We could be witnessing a growing trend in Gulf business. News that Mubadala, the Abu Dhabi investment group that is renowned for its rigid sense of privacy, is seeking a rating with the world's big credit agencies could open the door for a host of other state-owned funds to do the same. Mubadala has stakes in Italian car manufacturer Ferrari and the giant US investment organisation Carlyle, but has never revealed the size of its financial assets, which have been estimated at anything from $10billion (Dh36.7bn) upwards.
If it gets its credit approval it will probably have to be more open with regard to transparency, which is a good thing.
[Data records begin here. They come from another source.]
lemma active_rows_reflect:
  assumes "codeword H c"
  shows "active_rows H (reflect c w) = phi c ` active_rows H w"
proof
  show "phi c ` active_rows H w \<subseteq> active_rows H (reflect c w)"
    by (rule phi_active_rows_subset[OF assms])
  have "phi c ` active_rows H (reflect c w) \<subseteq> active_rows H w"
    using phi_active_rows_subset[OF assms, of "reflect c w"] by simp
  then show "active_rows H (reflect c w) \<subseteq> phi c ` active_rows H w"
    by (metis image_subset_iff phi_phi rev_image_eqI subsetI)
qed

lemma phi_mem_recovery_cone:
  assumes cw: "codeword H c" and t: "t \<in> recovery_cone H w"
  shows "phi c t \<in> recovery_cone H (reflect c w)"
proof -
  obtain f where f: "\<forall>a \<in> active_rows H w. f a \<ge> 0" "t = (\<Sum>a \<in> active_rows H w. f a *\<^sub>R a)"
    using t unfolding recovery_cone_def by blast
  have inj: "inj_on (phi c) (active_rows H w)"
    using inj_phi by (rule inj_on_subset) simp
  have "phi c t = (\<Sum>a \<in> active_rows H w. f a *\<^sub>R phi c a)"
    unfolding f(2) by (rule phi_sum_scaleR)
  also have "\<dots> = (\<Sum>a \<in> active_rows H (reflect c w). f (phi c a) *\<^sub>R a)"
    unfolding active_rows_reflect[OF cw] by (simp add: sum.reindex[OF inj])
  finally show ?thesis
    using f(1) unfolding recovery_cone_def active_rows_reflect[OF cw]
    by (intro CollectI exI[of _ "\<lambda>a. f (phi c a)"]) auto
qed

lemma unique_opt_reflectI:
  assumes cw: "codeword H c" and opt: "unique_opt H u w"
  shows "unique_opt H (phi c u) (reflect c w)"
  unfolding unique_opt_def
proof (intro conjI ballI impI)
  show "reflect c w \<in> fund_polytope H"
    using opt unfolding unique_opt_def by (blast intro: reflect_mem_fund_polytope[OF cw])
  fix x assume "x \<in> fund_polytope H" "x \<noteq> reflect c w"
  then have "u \<bullet> w < u \<bullet> reflect c x"
    using opt reflect_mem_fund_polytope[OF cw] unfolding unique_opt_def by force
  then show "phi c u \<bullet> reflect c w < phi c u \<bullet> x"
    using inner_phi_reflect[of c u w] inner_phi_reflect[of c u "reflect c x"] by simp
qed

lemma unique_opt_reflect:
  assumes "codeword H c"
  shows "unique_opt H (phi c u) (reflect c w) \<longleftrightarrow> unique_opt H u w"
  using unique_opt_reflectI[OF assms, of u w] unique_opt_reflectI[OF assms, of "phi c u" "reflect c w"]
  by auto

lemma finite_constraints: "finite (constraints (H :: 'm::finite \<Rightarrow> 'n::finite \<Rightarrow> bool))"
proof -
  let ?row = "\<lambda>(j, S). ((\<chi> k. if k \<in> S then -1 else if k \<in> nbhd H j then 1 else 0) :: real^'n,
    1 - real (card S))"
  have "constraints H \<subseteq> range (\<lambda>i. (axis i 1, 0)) \<union> range (\<lambda>i. (- axis i 1, -1)) \<union> range ?row"
    unfolding constraints_def by auto
  then show ?thesis
    by (rule finite_subset) simp
qed

lemma polytope_fund_polytope: "polytope (fund_polytope H)"
proof -
  have "fund_polytope H = \<Inter> ((\<lambda>ab. {x. fst ab \<bullet> x \<ge> snd ab}) ` constraints H)"
    unfolding fund_polytope_def by (auto simp: split_beta)
  then have "polyhedron (fund_polytope H)"
    using finite_constraints[of H] by (auto intro!: polyhedron_Inter polyhedron_halfspace_ge)
  moreover have "bounded (fund_polytope H)"
    by (intro bounded_subset[OF bounded_cbox, of _ 0 1])
      (auto simp: mem_box_cart dest: fund_polytope_unit_cube)
  ultimately show ?thesis
    by (simp add: polytope_eq_bounded_polyhedron)
qed
text \<open>Witness: the fee \<open>p = v\<close>, using \<open>sqrt (1 + a\<^sup>2) \<le> 1 + a\<^sup>2/2\<close> and \<open>sqrt 3 \<ge> 17/10\<close>.\<close>

lemma PiS_three_fifths_ge:
  assumes "0 < v" "v < 1/2"
  shows "(2 * v/3) powr (3/2) \<le> PiS v (3/5 * sqrt (2 * v))"
proof -
  define q where "q = sqrt (2 * v)"
  define a where "a = 3/5 * q"
  have "0 < q" "q < 1" "v = q^2/2"
    unfolding q_def using assms by auto
  have "(1 + a^2/2)^2 = a^2 + 1 + (a^2)^2/4"
    by (simp add: power2_eq_square field_simps)
  then have "sqrt (a^2 + 1) \<le> sqrt ((1 + a^2/2)^2)"
    by (intro real_sqrt_le_mono) simp
  then have "sqrt (a^2 + 1) \<le> 1 + a^2/2"
    by simp
  then have "v * (a - a^2/2) \<le> profit v a v"
    unfolding profit_def using assms by (intro mult_left_mono) auto
  also have "\<dots> \<le> PiS v a"
    using profit_le_PiS[of a v v] assms \<open>0 < q\<close> unfolding a_def by simp
  finally have "q^3 * (3/10 - 9/100 * q) \<le> PiS v a"
    unfolding a_def \<open>v = q^2/2\<close> by (simp add: field_simps power2_eq_square power3_eq_cube)
  moreover have "q^3 * (21/100) \<le> q^3 * (3/10 - 9/100 * q)"
    using \<open>0 < q\<close> \<open>q < 1\<close> by (intro mult_left_mono) auto
  moreover have "(2 * v/3) powr (3/2) \<le> q^3 * (21/100)"
  proof -
    have "17/10 \<le> sqrt (3::real)"
      by (rule real_le_rsqrt) (simp add: power2_eq_square)
    have "(2 * v/3) powr (3/2) = q^3 / (3 * sqrt 3)"
      using \<open>0 < q\<close> unfolding \<open>v = q^2/2\<close>
    by (simp add: powr_three_halves real_sqrt_divide power3_eq_cube power2_eq_square)
    also have "\<dots> \<le> q^3 / (3 * (17/10))"
      using \<open>0 < q\<close> \<open>17/10 \<le> sqrt 3\<close> by (intro divide_left_mono) auto
    also have "\<dots> \<le> q^3 * (21/100)"
      using \<open>0 < q\<close> by simp
    finally show ?thesis .
  qed
  ultimately show ?thesis
    unfolding a_def q_def by linarith
qed

lemma alphaS_le:
  assumes "0 < v" "v < 1/2"
  shows "alphaS v \<le> 3/5 * sqrt (2 * v)"
  unfolding alphaS_def
  by (rule cInf_lower) (use PiS_three_fifths_ge[OF assms] assms in \<open>auto intro: bdd_belowI\<close>)

lemma alphaS_less_alphaA:
  assumes "0 < v" "v < 1/2"
  shows "alphaS v < alphaA v"
proof -
  have "0 < sqrt (2 * v)"
    using assms by simp
  then show ?thesis
    using alphaS_le[OF assms] unfolding alphaA_def by linarith
qed
lemma drift_vfun:
  assumes vs_C2: "Ck 2 vs"
  shows "drift S (vfun vs E b) x
    = (\<Sum>j\<in>UNIV. (E *v cvec (S *v x)) $ j *s cvec (partial vs (axis j 1) x))
      + (\<Sum>j\<in>UNIV. (E *v cvec x + b) $ j *s cvec (drift S (partial vs (axis j 1)) x))"
proof -
  let ?P = "\<lambda>j. partial vs (axis j 1)"
  have dP: "?P j differentiable (at y)" for j y
    using vs_C2 by (simp add: numeral_2_eq_2)
  have "drift S (vfun vs E b) x = (\<Sum>j\<in>UNIV. drift S (\<lambda>y. ((E *v cvec y) $ j + b$j) *s cvec (?P j y)) x)"
    unfolding vfun_eq_sum[abs_def]
    by (intro drift_sum differentiable_bilinear[OF bounded_bilinear_scale_cvec] dP
        differentiable_add bounded_linear_imp_differentiable[OF bounded_linear_cvec_component]) simp_all
  also have "\<dots> = (\<Sum>j\<in>UNIV. (E *v cvec (S *v x)) $ j *s cvec (?P j x)
      + ((E *v cvec x) $ j + b$j) *s cvec (drift S (?P j) x))"
    by (intro sum.cong refl drift_bilinear_affine[OF bounded_bilinear_scale_cvec
          bounded_linear_cvec_component dP])
  finally show ?thesis
    by (simp add: sum.distrib)
qed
It will also find that a decent rating – and it seems impossible that any agency will come up with anything less than top-notch for an organisation with Mubadala's pedigree – will give it access to low-cost debt, a real benefit in a time of global financial uncertainty.
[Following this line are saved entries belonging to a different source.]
lemma cl_adjoint_mult_self_eq_zero:
  assumes M: "M \<in> cl_elems p q" and zero: "cl_mult p q (cl_adjoint p M) M = (\<lambda>_. 0)"
  shows "M = (\<lambda>_. 0)"
proof -
  have sq: "cl_sign p A A * (cl_sign p A A * cnj (M A)) * M A = of_real ((cmod (M A))\<^sup>2)" for A
  proof -
    have "cl_sign p A A * (cl_sign p A A * cnj (M A)) * M A
        = (cl_sign p A A * cl_sign p A A) * (M A * cnj (M A))"
      by (simp only: mult_ac)
    then show ?thesis by (simp only: cl_sign_square mult_1_left complex_norm_square)
  qed
  have "0 = cl_mult p q (cl_adjoint p M) M {}" using zero by simp
  also have "\<dots> = (\<Sum>A\<in>Pow {..<p+q}. of_real ((cmod (M A))\<^sup>2))"
    unfolding cl_mult_altdef[of p q _ M] cl_twist_def by (simp add: sq)
  finally have "(\<Sum>A\<in>Pow {..<p+q}. (cmod (M A))\<^sup>2) = 0"
    by (metis of_real_eq_0_iff of_real_sum)
  then have "\<forall>A\<in>Pow {..<p+q}. (cmod (M A))\<^sup>2 = 0"
    using sum_nonneg_eq_0_iff[of "Pow {..<p+q}" "\<lambda>A. (cmod (M A))\<^sup>2"] by simp
  then show ?thesis using cl_elems_outside[OF M] by (metis Pow_iff norm_eq_zero zero_eq_power2)
qed

lemma cl_mult_basis_left:
  assumes A: "A \<subseteq> {..<p+q}"
  shows "cl_mult p q (cl_basis A) N C
    = (if C \<subseteq> {..<p+q} then cl_sign p A (sym_diff A C) * N (sym_diff A C) else 0)"
  using A unfolding cl_mult_altdef[of p q _ N C] cl_basis_def
  by (simp add: if_distrib[of "\<lambda>x. _ * x * _"] cong: if_cong)

lemma cl_mult_scale_left: "cl_mult p q (cl_scale s M) N = cl_scale s (cl_mult p q M N)"
  unfolding cl_mult_def cl_scale_def
  by (simp add: sum_distrib_left if_distrib[of "\<lambda>x. s * x"] mult_ac cong: if_cong)

lemma cl_basis_mult_inverse:
  assumes A: "A \<subseteq> {..<p+q}"
  shows "cl_mult p q (cl_basis A) (cl_scale (cl_sign p A A) (cl_basis A)) = cl_one"
    and "cl_mult p q (cl_scale (cl_sign p A A) (cl_basis A)) (cl_basis A) = cl_one"
proof -
  have sd: "sym_diff A C = A \<longleftrightarrow> C = {}" for C by blast
  show "cl_mult p q (cl_basis A) (cl_scale (cl_sign p A A) (cl_basis A)) = cl_one"
  proof
    fix C
    show "cl_mult p q (cl_basis A) (cl_scale (cl_sign p A A) (cl_basis A)) C = cl_one C"
      unfolding cl_mult_basis_left[OF A] using cl_sign_square[of p A A]
      by (auto simp: cl_one_def cl_basis_def cl_scale_def sd)
  qed
  show "cl_mult p q (cl_scale (cl_sign p A A) (cl_basis A)) (cl_basis A) = cl_one"
  proof
    fix C
    show "cl_mult p q (cl_scale (cl_sign p A A) (cl_basis A)) (cl_basis A) C = cl_one C"
      unfolding cl_mult_scale_left unfolding cl_scale_def cl_mult_basis_left[OF A]
      using cl_sign_square[of p A A] by (auto simp: cl_one_def cl_basis_def sd)
  qed
qed
text \<open>Give the arrows \<open>\<alpha>\<^sub>i\<^sub>,\<^sub>j\<close> level \<open>2i - 1\<close> and the arrows \<open>\<beta>\<^sub>i\<^sub>,\<^sub>j\<close> level \<open>2i\<close>.
  Then \<open>A\<^sub>n\<close> has exactly the arrows of level at most \<open>n\<close>, and a composable path avoids
  the relations iff the levels of its arrows strictly decrease in the order of traversal.
  Hence a nonzero path of \<open>A\<^sub>n\<^sub>+\<^sub>1\<close> is either a nonzero path of \<open>A\<^sub>n\<close> or an arrow of
  level \<open>n + 1\<close> followed by a nonzero path of \<open>A\<^sub>n\<close>.  Counting gives \<open>C\<^sub>n\<^sub>+\<^sub>1 = C\<^sub>n E\<close> for
  an elementary matrix \<open>E\<close> recording the arrows of level \<open>n + 1\<close>, and the closed forms
  follow by induction from the Fibonacci recursion.\<close>

fun level :: "arrow \<Rightarrow> nat" where
  "level (Alpha i j) = 2 * i - 1"
| "level (Beta i j) = 2 * i"

definition top_arrows :: "nat \<Rightarrow> (nat \<Rightarrow> nat) \<Rightarrow> (nat \<Rightarrow> nat) \<Rightarrow> nat \<Rightarrow> arrow set" where
  "top_arrows n x y a = {r. arrow_of n x y r \<and> level r = n \<and> src r = a}"

lemma arrow_of_iff_Suc_level: "arrow_of n x y r \<longleftrightarrow> arrow_of (Suc n) x y r \<and> level r \<le> n"
  by (cases r) auto

lemma arrow_of_Suc: "arrow_of n x y r \<Longrightarrow> arrow_of (Suc n) x y r"
  using arrow_of_iff_Suc_level by blast

lemma level_le: "arrow_of n x y r \<Longrightarrow> level r \<le> n"
  by (cases r) auto

lemma not_killed_iff_level_less:
  assumes "arrow_of n x y r" and "tgt r = src s"
  shows "\<not> killed r s \<longleftrightarrow> level s < level r"
  using assms by (cases r; cases s) auto

lemma finite_top_arrows: "finite (top_arrows n x y a)"
proof (rule finite_subset)
  show "top_arrows n x y a \<subseteq>
      Alpha ((n + 1) div 2) ` {1..x ((n + 1) div 2)} \<union> Beta (n div 2) ` {1..y (n div 2)}"
  proof
    fix r assume "r \<in> top_arrows n x y a"
    then show "r \<in> Alpha ((n + 1) div 2) ` {1..x ((n + 1) div 2)} \<union> Beta (n div 2) ` {1..y (n div 2)}"
      unfolding top_arrows_def by (cases r) auto
  qed
qed simp

lemma top_arrows_even:
  assumes "1 \<le> m"
  shows "top_arrows (2 * m) x y 1 = {}"
    and "top_arrows (2 * m) x y 2 = Beta m ` {1..y m}"
proof -
  have "r \<in> top_arrows (2 * m) x y a \<longleftrightarrow> a = 2 \<and> r \<in> Beta m ` {1..y m}" for r a
    using assms unfolding top_arrows_def by (cases r) auto
  then show "top_arrows (2 * m) x y 1 = {}" and "top_arrows (2 * m) x y 2 = Beta m ` {1..y m}"
    by auto
qed

lemma top_arrows_odd:
  shows "top_arrows (Suc (2 * m)) x y 2 = {}"
    and "top_arrows (Suc (2 * m)) x y 1 = Alpha (Suc m) ` {1..x (Suc m)}"
proof -
  have "2 * i - 1 = Suc (2 * m) \<longleftrightarrow> i = Suc m" "2 * i \<noteq> Suc (2 * m)" for i :: nat
    by arith+
  then have "r \<in> top_arrows (Suc (2 * m)) x y a \<longleftrightarrow> a = 1 \<and> r \<in> Alpha (Suc m) ` {1..x (Suc m)}"
    for r a
    unfolding top_arrows_def by (cases r) auto
  then show "top_arrows (Suc (2 * m)) x y 2 = {}"
    and "top_arrows (Suc (2 * m)) x y 1 = Alpha (Suc m) ` {1..x (Suc m)}"
    by auto
qed

lemma adjacent_pairs_Cons:
  "(\<forall>k. Suc k < length (r # p) \<longrightarrow> R ((r # p) ! k) ((r # p) ! Suc k)) \<longleftrightarrow>
   (p \<noteq> [] \<longrightarrow> R r (hd p)) \<and> (\<forall>k. Suc k < length p \<longrightarrow> R (p ! k) (p ! Suc k))"
  by (cases p) (auto simp: nth_Cons split: nat.splits)

lemma Nil_in_nonzero_paths [simp]: "[] \<in> nonzero_paths n x y a b \<longleftrightarrow> a = b"
  by (simp add: nonzero_paths_def)

lemma nonzero_paths_src_hd: "p \<in> nonzero_paths n x y a b \<Longrightarrow> p \<noteq> [] \<Longrightarrow> src (hd p) = a"
  by (simp add: nonzero_paths_def)

lemma nonzero_paths_level_hd: "p \<in> nonzero_paths n x y a b \<Longrightarrow> p \<noteq> [] \<Longrightarrow> level (hd p) \<le> n"
  by (cases p) (auto simp: nonzero_paths_def intro: level_le)

lemma Cons_in_nonzero_paths_killed:
  "r # p \<in> nonzero_paths n x y a b \<longleftrightarrow>
    arrow_of n x y r \<and> src r = a \<and> p \<in> nonzero_paths n x y (tgt r) b \<and>
    (p \<noteq> [] \<longrightarrow> \<not> killed r (hd p))"
  unfolding nonzero_paths_def mem_Collect_eq adjacent_pairs_Cons[where R = "\<lambda>u v. tgt u = src v"]
    adjacent_pairs_Cons[where R = "\<lambda>u v. \<not> killed u v"]
  by (cases p) auto

lemma Cons_in_nonzero_paths:
  "r # p \<in> nonzero_paths n x y a b \<longleftrightarrow>
    arrow_of n x y r \<and> src r = a \<and> p \<in> nonzero_paths n x y (tgt r) b \<and>
    (p \<noteq> [] \<longrightarrow> level (hd p) < level r)"
  unfolding Cons_in_nonzero_paths_killed
  using not_killed_iff_level_less[of n x y r "hd p"] nonzero_paths_src_hd[of p n x y "tgt r" b]
  by auto

lemma nonzero_paths_mono: "nonzero_paths n x y a b \<subseteq> nonzero_paths (Suc n) x y a b"
  by (auto simp: nonzero_paths_def intro: arrow_of_Suc)

lemma nonzero_paths_restrict:
  "p \<in> nonzero_paths (Suc n) x y a b \<Longrightarrow> (p \<noteq> [] \<longrightarrow> level (hd p) \<le> n) \<Longrightarrow>
    p \<in> nonzero_paths n x y a b"
proof (induction p arbitrary: a)
  case (Cons r p)
  then show ?case
    by (simp add: Cons_in_nonzero_paths arrow_of_iff_Suc_level[of n]) (meson le_trans less_imp_le)
qed simp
With a policy of interest rate cuts firmly in place in the US and Europe, money is cheap. It makes a great deal of sense for Mubadala, and other UAE groups, to borrow the cash they will use to fund their global expansion. The inflationary outlook makes the case for such a policy particularly compelling.
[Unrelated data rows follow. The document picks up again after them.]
lemma has_real_derivative_g1:
  assumes "2 \<le> i" "i \<le> n"
  shows "((\<lambda>t. g1 n c (x(i := t))) has_real_derivative - jump c i * sin (x i)) (at (x i))"
proof -
  have "((\<lambda>t. g1 n c (x(i := t))) has_real_derivative
     (\<Sum>j=2..n. (c (j - 1) - c j) * (- sin ((x(i := x i)) j) * (if j = i then 1 else 0))) - 0) (at (x i))"
    unfolding g1_def
    by (intro DERIV_diff DERIV_sum DERIV_cmult DERIV_fun_cos has_real_derivative_fun_upd DERIV_const)
  also have "(\<Sum>j=2..n. (c (j - 1) - c j) * (- sin ((x(i := x i)) j) * (if j = i then 1 else 0))) - 0
     = (\<Sum>j=2..n. if j = i then (c (j - 1) - c j) * (- sin (x j)) else 0)"
    unfolding diff_0_right by (intro sum.cong) auto
  also have "\<dots> = - jump c i * sin (x i)"
    using assms by (simp add: sum.delta' jump_def algebra_simps)
  finally show ?thesis .
qed

lemma has_real_derivative_g2:
  assumes "2 \<le> i" "i \<le> n"
  shows "((\<lambda>t. g2 n c (x(i := t))) has_real_derivative jump c i * cos (x i)) (at (x i))"
proof -
  have "((\<lambda>t. g2 n c (x(i := t))) has_real_derivative
     (\<Sum>j=2..n. (c (j - 1) - c j) * (cos ((x(i := x i)) j) * (if j = i then 1 else 0)))) (at (x i))"
    unfolding g2_def by (intro DERIV_sum DERIV_cmult DERIV_fun_sin has_real_derivative_fun_upd)
  also have "(\<Sum>j=2..n. (c (j - 1) - c j) * (cos ((x(i := x i)) j) * (if j = i then 1 else 0)))
     = (\<Sum>j=2..n. if j = i then (c (j - 1) - c j) * cos (x j) else 0)"
    by (intro sum.cong) auto
  also have "\<dots> = jump c i * cos (x i)"
    using assms by (simp add: sum.delta' jump_def)
  finally show ?thesis .
qed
However, I have to take issue with reports that the Abu Dhabi group would be "the first state-owned investment entity in the Middle East to receive a rating". Over a year ago, Dubai Holding Commercial Operations, the investment business owned by the Government of Dubai via Dubai Holdings, sought and obtained excellent ratings from the "big three" agencies – Standard & Poor's, Moody's and Fitch. All gave variations of their top 'A' grade to DHCO. Other Dubai state-owned groups are also in the process of getting vetted by the agencies.
Mubadala's move has confirmed this trend, which is a positive development for business in the region.